**INPUT FOR THIS TASK:**
::::::::
lemma reset_count_less:
  assumes "t \<le> t'" "R > 0" "2 * R \<le> \<bar>real_of_int (\<Sum>j\<in>{Suc t..t'}. \<xi> j)\<bar>"
  shows "snd (reset_walk \<xi> R t) < snd (reset_walk \<xi> R t')"
proof (rule ccontr)
  assume "\<not> ?thesis"
  then have "snd (reset_walk \<xi> R t') = snd (reset_walk \<xi> R t)"
    using reset_count_mono[OF assms(1), of \<xi> R] by linarith
  from reset_pos_eq_sum[OF assms(1) this]
  have "real_of_int (\<Sum>j\<in>{Suc t..t'}. \<xi> j)
          = real_of_int (fst (reset_walk \<xi> R t')) - real_of_int (fst (reset_walk \<xi> R t))"
    by simp
  then show False
    using abs_reset_pos_less[OF assms(2), of \<xi> t] abs_reset_pos_less[OF assms(2), of \<xi> t'] assms(3)
    by linarith
qed

lemma reset_count_ge_chain:
  assumes "R > 0"
    and "\<And>j. j < K \<Longrightarrow> \<tau> j < \<tau> (Suc j) \<and> 2 * R \<le> \<bar>real_of_int (\<Sum>i\<in>{Suc (\<tau> j)..\<tau> (Suc j)}. \<xi> i)\<bar>"
  shows "K \<le> snd (reset_walk \<xi> R (\<tau> K))"
  using assms(2)
proof (induction K)
  case (Suc K)
  have "K \<le> snd (reset_walk \<xi> R (\<tau> K))" using Suc by auto
  moreover have "snd (reset_walk \<xi> R (\<tau> K)) < snd (reset_walk \<xi> R (\<tau> (Suc K)))"
    using Suc.prems[of K] by (intro reset_count_less[OF _ assms(1)]) auto
  ultimately show ?case by linarith
qed simp

lemma crossT_0_enatD:
  assumes "crossT s \<eta> k 0 = enat t"
  shows "0 < t \<and> onB \<eta> k (s t)"
proof -
  have "t = (LEAST m. 0 < m \<and> onB \<eta> k (s m))" and "\<exists>m. 0 < m \<and> onB \<eta> k (s m)"
    using assms by (auto split: if_splits)
  then show ?thesis using LeastI_ex[of "\<lambda>m. 0 < m \<and> onB \<eta> k (s m)"] by simp
qed

lemma crossT_Suc_enatD:
  assumes "crossT s \<eta> k (Suc j) = enat t'"
  shows "\<exists>t. crossT s \<eta> k j = enat t \<and> t < t' \<and> onB \<eta> k (s t') \<and> coordk k (s t') \<noteq> coordk k (s t)"
proof (cases "crossT s \<eta> k j")
  case (enat t)
  let ?P = "\<lambda>m. m > t \<and> onB \<eta> k (s m) \<and> coordk k (s m) \<noteq> coordk k (s t)"
  have "t' = (LEAST m. ?P m)" and "\<exists>m. ?P m"
    using assms enat by (auto split: if_splits)
  then have "?P t'" using LeastI_ex[of ?P] by simp
  then show ?thesis using enat by auto
qed (use assms in simp)

lemma crossT_mono: "i \<le> j \<Longrightarrow> crossT s \<eta> k i \<le> crossT s \<eta> k j"
proof (rule lift_Suc_mono_le[of "crossT s \<eta> k"])
  show "crossT s \<eta> k n \<le> crossT s \<eta> k (Suc n)" for n
  proof (cases "crossT s \<eta> k (Suc n)")
    case (enat t')
    then show ?thesis using crossT_Suc_enatD[OF enat] by (auto simp del: crossT.simps)
  qed simp
qed

lemma crossT_le_if_crossings:
  assumes "Suc K \<le> crossings s \<eta> k n"
  shows "crossT s \<eta> k K \<le> enat n"
proof (rule ccontr)
  assume late: "\<not> crossT s \<eta> k K \<le> enat n"
  have "{j. crossT s \<eta> k j \<le> enat n} \<subseteq> {..<K}"
  proof safe
    fix j assume "crossT s \<eta> k j \<le> enat n"
    then show "j < K" using late crossT_mono[of K j s \<eta> k] by (meson not_le order_trans)
  qed
  then have "crossings s \<eta> k n \<le> K"
    unfolding crossings_def using card_mono[of "{..<K}"] by fastforce
  then show False using assms by simp
qed

lemma onB_coordk_diff_ge:
  assumes "\<eta> > 0" "onB \<eta> k z" "onB \<eta> k w" "coordk k z \<noteq> coordk k w"
  shows "\<eta> \<le> \<bar>coordk k z - coordk k w\<bar>"
proof -
  obtain a c :: int where a: "coordk k z = \<eta> * (real_of_int a + 1/2)"
    and c: "coordk k w = \<eta> * (real_of_int c + 1/2)"
    using assms(2,3) unfolding onB_def by blast
  have "1 \<le> \<bar>real_of_int a - real_of_int c\<bar>" using a c assms(4) by auto
  then have "\<eta> * 1 \<le> \<eta> * \<bar>real_of_int a - real_of_int c\<bar>"
    using assms(1) by (intro mult_left_mono) auto
  also have "\<dots> = \<bar>\<eta> * (real_of_int a - real_of_int c)\<bar>"
    using assms(1) by (simp add: abs_mult)
  also have "\<dots> = \<bar>coordk k z - coordk k w\<bar>"
    using a c by (simp add: algebra_simps)
  finally show ?thesis by simp
qed

lemma crossing_times_exist:
  assumes "Suc K \<le> crossings s \<eta> k n"
  obtains \<tau> where "\<tau> K \<le> n" and "\<And>j. j \<le> K \<Longrightarrow> onB \<eta> k (s (\<tau> j))"
    and "\<And>j. j < K \<Longrightarrow> \<tau> j < \<tau> (Suc j) \<and> coordk k (s (\<tau> (Suc j))) \<noteq> coordk k (s (\<tau> j))"
proof
  define \<tau> where "\<tau> j = the_enat (crossT s \<eta> k j)" for j
  have le: "crossT s \<eta> k j \<le> enat n" if "j \<le> K" for j
    using crossT_mono[OF that] crossT_le_if_crossings[OF assms] by (rule order_trans)
  have \<tau>: "crossT s \<eta> k j = enat (\<tau> j)" if "j \<le> K" for j
    using le[OF that] unfolding \<tau>_def by (cases "crossT s \<eta> k j") auto
  show "\<tau> K \<le> n" using le[of K] \<tau>[of K] by simp
  show "onB \<eta> k (s (\<tau> j))" if "j \<le> K" for j
    using that \<tau>[OF that] crossT_0_enatD[of s \<eta> k] crossT_Suc_enatD[of s \<eta> k]
    by (cases j) (auto simp del: crossT.simps)
  show "\<tau> j < \<tau> (Suc j) \<and> coordk k (s (\<tau> (Suc j))) \<noteq> coordk k (s (\<tau> j))" if "j < K" for j
    using crossT_Suc_enatD[OF \<tau>[of "Suc j"]] \<tau>[of j] that by auto
qed

definition coordk_int :: "nat \<Rightarrow> int \<times> int \<Rightarrow> int" where
  "coordk_int k p = (if k = 1 then fst p else snd p)"

lemma coordk_rwalk:
  "coordk k (rwalk Tt Y m \<omega>) = real_of_int (\<Sum>j\<in>{1..m}. coordk_int k (Y j \<omega>)) / sqrt Tt"
  unfolding coordk_def rwalk_def coordk_int_def by auto

lemma abs_coordk_int_le_norm:
  "\<bar>real_of_int (coordk_int k p)\<bar> \<le> norm (real_of_int (fst p), real_of_int (snd p))"
  unfolding coordk_int_def norm_Pair by simp

lemma crossings_le_reset_count:
  assumes Tt: "Tt > 0" and \<eta>: "\<eta> > 0"
    and crossings: "Suc K \<le> crossings (\<lambda>m. rwalk Tt Y m \<omega>) \<eta> k n"
  shows "K \<le> snd (reset_walk (\<lambda>j. coordk_int k (Y j \<omega>)) (\<eta> * sqrt Tt / 2) n)"
proof -
  let ?s = "\<lambda>m. rwalk Tt Y m \<omega>" and ?\<xi> = "\<lambda>j. coordk_int k (Y j \<omega>)"
  obtain \<tau> where \<tau>K: "\<tau> K \<le> n" and on: "\<And>j. j \<le> K \<Longrightarrow> onB \<eta> k (?s (\<tau> j))"
    and step: "\<And>j. j < K \<Longrightarrow> \<tau> j < \<tau> (Suc j) \<and> coordk k (?s (\<tau> (Suc j))) \<noteq> coordk k (?s (\<tau> j))"
    using crossing_times_exist[OF crossings] by blast
  \<comment> \<open>consecutive crossing points lie on distinct grid lines, which are \<open>\<eta>\<close> apart\<close>
  have block: "\<eta> * sqrt Tt \<le> \<bar>real_of_int (\<Sum>i\<in>{Suc (\<tau> j)..\<tau> (Suc j)}. ?\<xi> i)\<bar>" if "j < K" for j
  proof -
    have "{1..\<tau> (Suc j)} = {1..\<tau> j} \<union> {Suc (\<tau> j)..\<tau> (Suc j)}" using step[OF that] by auto
    then have "(\<Sum>i\<in>{1..\<tau> (Suc j)}. ?\<xi> i) = (\<Sum>i\<in>{1..\<tau> j}. ?\<xi> i) + (\<Sum>i\<in>{Suc (\<tau> j)..\<tau> (Suc j)}. ?\<xi> i)"
      by (simp add: sum.union_disjoint ivl_disj_int)
    then have "coordk k (?s (\<tau> (Suc j))) - coordk k (?s (\<tau> j))
                 = real_of_int (\<Sum>i\<in>{Suc (\<tau> j)..\<tau> (Suc j)}. ?\<xi> i) / sqrt Tt"
      unfolding coordk_rwalk by (simp add: diff_divide_distrib[symmetric])
    moreover have "\<eta> \<le> \<bar>coordk k (?s (\<tau> (Suc j))) - coordk k (?s (\<tau> j))\<bar>"
      using onB_coordk_diff_ge[OF \<eta> on on] step that by auto
    ultimately show ?thesis using Tt by (simp add: pos_le_divide_eq)
  qed
  have "K \<le> snd (reset_walk ?\<xi> (\<eta> * sqrt Tt / 2) (\<tau> K))"
    using Tt \<eta> step block by (intro reset_count_ge_chain) auto
  also have "\<dots> \<le> snd (reset_walk ?\<xi> (\<eta> * sqrt Tt / 2) n)" by (rule reset_count_mono[OF \<tau>K])
  finally show ?thesis .
qed

section \<open>An exponential bound for the number of restarts\<close>

definition reset_potential :: "real \<Rightarrow> real \<Rightarrow> int \<times> nat \<Rightarrow> real" where
  "reset_potential \<theta> R p = cosh (\<theta> * real_of_int (fst p)) * cosh (\<theta> * R) ^ snd p"

lemma cosh_le_cosh_abs: "\<bar>x\<bar> \<le> \<bar>y\<bar> \<Longrightarrow> cosh (x::real) \<le> cosh y"
  using cosh_real_nonneg_le_iff[of "\<bar>x\<bar>" "\<bar>y\<bar>"] by simp

lemma exp_mult_le_exp_abs: "\<bar>x\<bar> \<le> D \<Longrightarrow> exp (s * x) \<le> exp (\<bar>s\<bar> * (D::real))"
proof -
  assume "\<bar>x\<bar> \<le> D"
  then have "\<bar>s\<bar> * \<bar>x\<bar> \<le> \<bar>s\<bar> * D" by (simp add: mult_left_mono)
  moreover have "s * x \<le> \<bar>s\<bar> * \<bar>x\<bar>" by (simp flip: abs_mult)
  ultimately show ?thesis by simp
qed

lemma abs_reset_potential_le:
  assumes "\<bar>real_of_int (fst p)\<bar> < R" "snd p \<le> t"
  shows "\<bar>reset_potential \<theta> R p\<bar> \<le> cosh (\<theta> * R) ^ Suc t"
proof -
  have a: "1 \<le> cosh (\<theta> * R)" by (rule cosh_real_ge_1)
  have "cosh (\<theta> * real_of_int (fst p)) \<le> cosh (\<theta> * R)"
    using assms(1) by (intro cosh_le_cosh_abs) (simp add: abs_mult mult_left_mono)
  moreover have "cosh (\<theta> * R) ^ snd p \<le> cosh (\<theta> * R) ^ t"
    using assms(2) a by (rule power_increasing)
  ultimately show ?thesis
    using a by (simp add: reset_potential_def abs_mult mult_mono)
qed

(* A restart only happens when |x + z| >= R, and then cosh (theta (x + z)) >= cosh (theta R) pays
   for the extra factor of the potential. *)
lemma reset_potential_Suc_le:
  assumes "R > 0"
  shows "reset_potential \<theta> R (reset_walk \<xi> R (Suc t))
    \<le> cosh (\<theta> * (real_of_int (fst (reset_walk \<xi> R t)) + real_of_int (\<xi> (Suc t))))
        * cosh (\<theta> * R) ^ snd (reset_walk \<xi> R t)"
proof (cases "R \<le> \<bar>real_of_int (fst (reset_walk \<xi> R t) + \<xi> (Suc t))\<bar>")
  case True
  then have "cosh (\<theta> * R) \<le> cosh (\<theta> * (real_of_int (fst (reset_walk \<xi> R t)) + real_of_int (\<xi> (Suc t))))"
    using assms by (intro cosh_le_cosh_abs) (simp add: abs_mult mult_left_mono)
  with True show ?thesis by (simp add: reset_potential_def mult_right_mono)
qed (simp add: reset_potential_def)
::::::::
Wherever the word "omega" appears in the listing above, copy that line.

**ANSWER TO THIS EXERCISE:**
  "coordk k (rwalk Tt Y m \<omega>) = real_of_int (\<Sum>j\<in>{1..m}. coordk_int k (Y j \<omega>)) / sqrt Tt"
    and crossings: "Suc K \<le> crossings (\<lambda>m. rwalk Tt Y m \<omega>) \<eta> k n"
  shows "K \<le> snd (reset_walk (\<lambda>j. coordk_int k (Y j \<omega>)) (\<eta> * sqrt Tt / 2) n)"
  let ?s = "\<lambda>m. rwalk Tt Y m \<omega>" and ?\<xi> = "\<lambda>j. coordk_int k (Y j \<omega>)"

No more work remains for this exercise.